[Exercise material — start]
(* Let $A$ be a commutative noetherian ring and $P$ a projective $A$-module. The map $\nu:\widetilde Q(P)\to\mathcal{Q}(P)$, $\nu(f,p,s)=(f,s)$, induces a bijection $\overline{\nu}:\pi_0(\widetilde Q(P))\to\pi_0(\mathcal{Q}(P))$.
   Context: $P^*=\mathrm{Hom}_A(P,A)$ and $P[T]=P\otimes_AA[T]$. Define $\widetilde Q(P)=\{(f,p,s)\in P^*\oplus P\oplus A: f(p)+s(s-1)=0\}$ and $\mathcal{Q}(P)=\{(f,s)\in P^*\oplus A: s(1-s)\in f(P)\}$; define the same sets over $A[T]$ for $P[T]$. For $\mathcal{F}=\widetilde Q$ or $\mathcal{Q}$, $\pi_0(\mathcal{F}(P))$ is the quotient of $\mathcal{F}(P)$ by the equivalence relation generated by $H(0)\sim H(1)$ for $H(T)\in\mathcal{F}(P[T])$, where $H(t)$ is the specialization $T=t$. *)

theory Defs
  imports Main "HOL-Computational_Algebra.Polynomial"
begin

definition noetherian_ring :: "'a::comm_ring_1 itself \<Rightarrow> bool" where
  "noetherian_ring _ \<longleftrightarrow>
     (\<forall>I::'a set. module.subspace ((*)) I \<longrightarrow>
        (\<exists>F. finite F \<and> I = module.span ((*)) F))"

text \<open>Projective: the module is a direct summand of a free module, namely the canonical
surjection from the free module on the underlying set of P (finitely supported
functions) onto P admits an A-linear section.\<close>

definition projective_module ::
  "('a::comm_ring_1 \<Rightarrow> 'b::ab_group_add \<Rightarrow> 'b) \<Rightarrow> bool" where
  "projective_module scale \<longleftrightarrow> module scale \<and>
     (\<exists>\<sigma> :: 'b \<Rightarrow> 'b \<Rightarrow> 'a.
        (\<forall>p. finite {x. \<sigma> p x \<noteq> 0}) \<and>
        (\<forall>p q x. \<sigma> (p + q) x = \<sigma> p x + \<sigma> q x) \<and>
        (\<forall>a p. \<sigma> (scale a p) = (\<lambda>x. a * \<sigma> p x)) \<and>
        (\<forall>p. (\<Sum>x\<in>{x. \<sigma> p x \<noteq> 0}. scale (\<sigma> p x) x) = p))"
[Exercise material — finish]
The lines above starting at the one that contains "(\<exists>\<sigma> :: 'b" and ending at the one that contains "(\<forall>a p. \<sigma>" must be transcribed exactly, and no other lines may appear.

Expected answer -
     (\<exists>\<sigma> :: 'b \<Rightarrow> 'b \<Rightarrow> 'a.
        (\<forall>p. finite {x. \<sigma> p x \<noteq> 0}) \<and>
        (\<forall>p q x. \<sigma> (p + q) x = \<sigma> p x + \<sigma> q x) \<and>
        (\<forall>a p. \<sigma> (scale a p) = (\<lambda>x. a * \<sigma> p x)) \<and>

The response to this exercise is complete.